Ballet, a kilo of clams and double sofrito: cooking with Yasmine Naghdi in west London

by Editorial team
Ballet, a kilo of clams and double sofrito: cooking with Yasmine Naghdi in west London

Her chosen dish – pasta alle vongole but with linguine instead of the classic spaghetti – comes with a personal twist. “I find it sort of holds onto the flavours a lot better,” she explains, as she inspects a kilo of clams soaking in salted water. “You see the clams start opening up as well. Shows that they’re healthy clams.”

The process is meticulous. Clams are soaked and rinsed repeatedly to rid them of sand, parsley and garlic are chopped with almost balletic precision, and every step is infused with stories of family and heritage. Yasmine’s husband, from Milan, taught her the recipe, but she confides with a grin, “Dare I say it, I’m now the master of cooking the dish better than him.”

A life in motion: breakfast, ballet and balance

As she cooks, conversation turns to the daily demands of a ballerina’s life. Yasmine’s mornings begin early, always with a substantial breakfast – kefir with pomegranate, blueberries, kiwi and a medley of seeds, or homemade sourdough with eggs and avocado. “I never skip breakfast,” she says, reflecting on the importance of fuelling a body that is both her instrument and her livelihood.

Her days are long and physically intense, starting with ballet class at the Royal Opera House and running through rehearsals until early evening. Nutrition is paramount, but so is comfort and joy at the table. “I need the calories,” she laughs. “I always have like an extra piece of bread and butter and cheese on the side of our dinner.”

The myth of the ballerina diet

Yasmine is quick to dispel the clichés about dancers and food. “I’ve met so many people and they’re like, so you just eat grapes? And I’m like, no, I would not look like this if I just ate grapes.”

For her, food is about longevity, strength and pleasure. She often brings her own meals to the Opera House, favouring home-cooked dishes for both cost and control. “I really love taking care of my body.
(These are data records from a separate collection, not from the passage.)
definition gnomonic :: "(real^'n) \<times> real \<Rightarrow> real^'n" where
  "gnomonic z = - (1 / snd z) *\<^sub>R fst z"

definition gnomonic_inv :: "real^'n \<Rightarrow> (real^'n) \<times> real" where
  "gnomonic_inv p = (1 / sqrt (1 + (norm p)\<^sup>2)) *\<^sub>R (p, - 1)"

lemma neg_Dx_cost_eq_gnomonic: "(\<lambda>z. - Dx cost x z) = gnomonic"
  by (simp add: fun_eq_iff Dx_cost gnomonic_def)

lemma gnomonic_inv_in_sphere_minus: "gnomonic_inv p \<in> sphere_minus"
proof -
  have "0 < 1 + (norm p)\<^sup>2"
    by (intro add_pos_nonneg) auto
  then show ?thesis
    by (simp add: mem_sphere_minus_iff gnomonic_inv_def field_simps)
qed

lemma gnomonic_gnomonic_inv: "gnomonic (gnomonic_inv p) = p"
proof -
  have "0 < sqrt (1 + (norm p)\<^sup>2)"
    by (intro real_sqrt_gt_zero add_pos_nonneg) auto
  then show ?thesis
    by (simp add: gnomonic_def gnomonic_inv_def)
qed

lemma gnomonic_inv_gnomonic:
  assumes "z \<in> sphere_minus"
  shows "gnomonic_inv (gnomonic z) = z"
proof (cases z)
  case (Pair y t)
  with assms have "(norm y)\<^sup>2 + t\<^sup>2 = 1" and "t < 0"
    by (auto simp: mem_sphere_minus_iff)
  then have "1 + (norm (gnomonic z))\<^sup>2 = 1 / t\<^sup>2"
    by (simp add: Pair gnomonic_def field_simps)
  then have "sqrt (1 + (norm (gnomonic z))\<^sup>2) = - 1 / t"
    using \<open>t < 0\<close> by (simp add: real_sqrt_divide)
  then show ?thesis
    using \<open>t < 0\<close> by (simp add: gnomonic_inv_def Pair gnomonic_def)
qed

lemma the_inv_into_gnomonic: "the_inv_into sphere_minus gnomonic p = gnomonic_inv p"
  by (metis the_inv_into_f_eq inj_onI gnomonic_inv_gnomonic gnomonic_gnomonic_inv
      gnomonic_inv_in_sphere_minus)

lemma C1_on_gnomonic:
  fixes S :: "((real^'n) \<times> real) set"
  assumes "\<And>z. z \<in> S \<Longrightarrow> snd z \<noteq> 0"
  shows "C1_on S gnomonic"
proof (rule C1_onI[where U = "{z. snd z \<noteq> 0}" and g = gnomonic and
    D = "\<lambda>u h. - (1 / snd u) *\<^sub>R fst h + (snd h / (snd u)\<^sup>2) *\<^sub>R fst u"])
  show "open {z :: (real^'n) \<times> real. snd z \<noteq> 0}"
    by (intro open_Collect_neq continuous_intros)
  show "(gnomonic has_derivative (\<lambda>h. - (1 / snd u) *\<^sub>R fst h + (snd h / (snd u)\<^sup>2) *\<^sub>R fst u)) (at u)"
    if "u \<in> {z. snd z \<noteq> 0}" for u :: "(real^'n) \<times> real"
    using that unfolding gnomonic_def[abs_def]
    by (auto intro!: derivative_eq_intros simp: field_simps power2_eq_square)
  show "continuous_on {z. snd z \<noteq> 0}
      (\<lambda>u. - (1 / snd u) *\<^sub>R fst h + (snd h / (snd u)\<^sup>2) *\<^sub>R fst u)" for h :: "(real^'n) \<times> real"
    by (intro continuous_intros) auto
qed (use assms in auto)

lemma C1_on_gnomonic_inv:
  fixes S :: "(real^'n) set"
  shows "C1_on S gnomonic_inv"
proof -
  define r where "r p = sqrt (1 + inner p p)" for p :: "real^'n"
  have r_pos: "0 < r p" for p
    unfolding r_def by (intro real_sqrt_gt_zero add_pos_nonneg) auto
  have r_cont: "continuous_on UNIV r"
    unfolding r_def by (intro continuous_intros)
  have dr: "(r has_derivative (\<lambda>h. inner u h / r u)) (at u)" for u
    unfolding r_def using r_pos[of u, unfolded r_def]
    by (auto intro!: derivative_eq_intros simp: fun_eq_iff inner_commute field_simps)
  have "gnomonic_inv p = (1 / r p) *\<^sub>R (p, - 1)" for p
    by (simp add: gnomonic_inv_def r_def power2_norm_eq_inner)
  moreover have "((\<lambda>p. (1 / r p) *\<^sub>R (p, - 1)) has_derivative
      (\<lambda>h. (1 / r u) *\<^sub>R (h, 0 :: real) - (inner u h / r u ^ 3) *\<^sub>R (u, - 1))) (at u)" for u
    using r_pos[of u]
    by (auto intro!: derivative_eq_intros dr simp: field_simps power3_eq_cube)
  moreover have "continuous_on UNIV
      (\<lambda>u. (1 / r u) *\<^sub>R (h, 0 :: real) - (inner u h / r u ^ 3) *\<^sub>R (u, - 1))" for h
    using r_pos by (intro continuous_intros r_cont) (auto simp: less_imp_neq[symmetric])
  ultimately show ?thesis
    by (intro C1_onI[where U = UNIV]) auto
qed

lemma C1_diffeo_onto_image_gnomonic: "C1_diffeo_onto_image gnomonic sphere_minus"
proof (rule C1_diffeo_onto_imageI)
  show "inj_on gnomonic sphere_minus"
    by (metis inj_onI gnomonic_inv_gnomonic)
  show "C1_on sphere_minus gnomonic"
    by (rule C1_on_gnomonic) (simp add: sphere_minus_def)
qed (auto intro: C1_on_gnomonic_inv gnomonic_inv_gnomonic)

lemma linear_neg_Dybar_cost:
  assumes "z0 \<in> sphere_minus"
  shows "linear (\<lambda>x. - Dybar cost x z0)"
  unfolding Dybar_cost[OF assms]
  by (intro linearI) (simp_all add: inner_add_left add_divide_distrib diff_divide_distrib scaleR_add_right)

lemma inj_neg_Dybar_cost:
  assumes "z0 \<in> sphere_minus"
  shows "inj (\<lambda>x. - Dybar cost x z0)"
proof -
  have "snd z0 \<noteq> 0"
    using assms by (simp add: sphere_minus_def)
  then show ?thesis
    unfolding Dybar_cost[OF assms] by (intro injI) simp
qed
I pay a huge importance to my nutrition.”

Family, heritage and home-cooked rituals

Born in London to a Persian father and Belgian mother, Yasmine’s culinary life is as international as her dance career. Her father is a gifted Persian cook, her mother equally adept in the kitchen, and her husband brings the Italian connection full circle. “We cook a lot on the weekends together. I’m kind of more the weekday chef. We cook a lot of healthy, high vegetable, high protein dishes.”

Weeknight dinners are quick but nourishing – salmon fillets, prawns, stir-fries loaded with vegetables and, when time allows, homemade pesto with basil from the windowsill. “My husband judges me anytime I use a jarred pesto. Big time. You need to make it fresh.”

The secret to perfect pasta alle vongole

Back at the stove, Yasmine reveals her secrets. The dish is quick, but demands precision: two rounds of sofrito (a sauté of garlic, parsley and chilli), a generous splash of extra virgin olive oil and, crucially, “that juice is gold” – the briny liquid from the clams, painstakingly sieved to remove every last grain of sand.

The pasta is cooked al dente, then finished in the clam juice, absorbing the flavours and transforming into something creamy without a drop of cream. “It’s just the collaboration of the juices of the clams and the starch of the pasta,” she says, as the kitchen fills with the scent of garlic and sea.

A final flourish of fresh parsley, a grind of black pepper and the dish is ready – simple, comforting and utterly transporting.

A life at the top – and at the table

As principal ballerina, Yasmine has reached the pinnacle of her profession, but the journey was anything but assured. She started ballet at six, trained at the Royal Ballet School’s White Lodge (described as “Hogwarts for ballet”) and was the only girl in her year to join the company. The demands are relentless, the competition fierce, but her passion is undimmed.

Now in her early thirties, Yasmine reflects on the balance of career and self-care. Injury-free and still dancing at her peak, she credits both discipline and a love of good food. “There’s a life after dance as well. So very important.”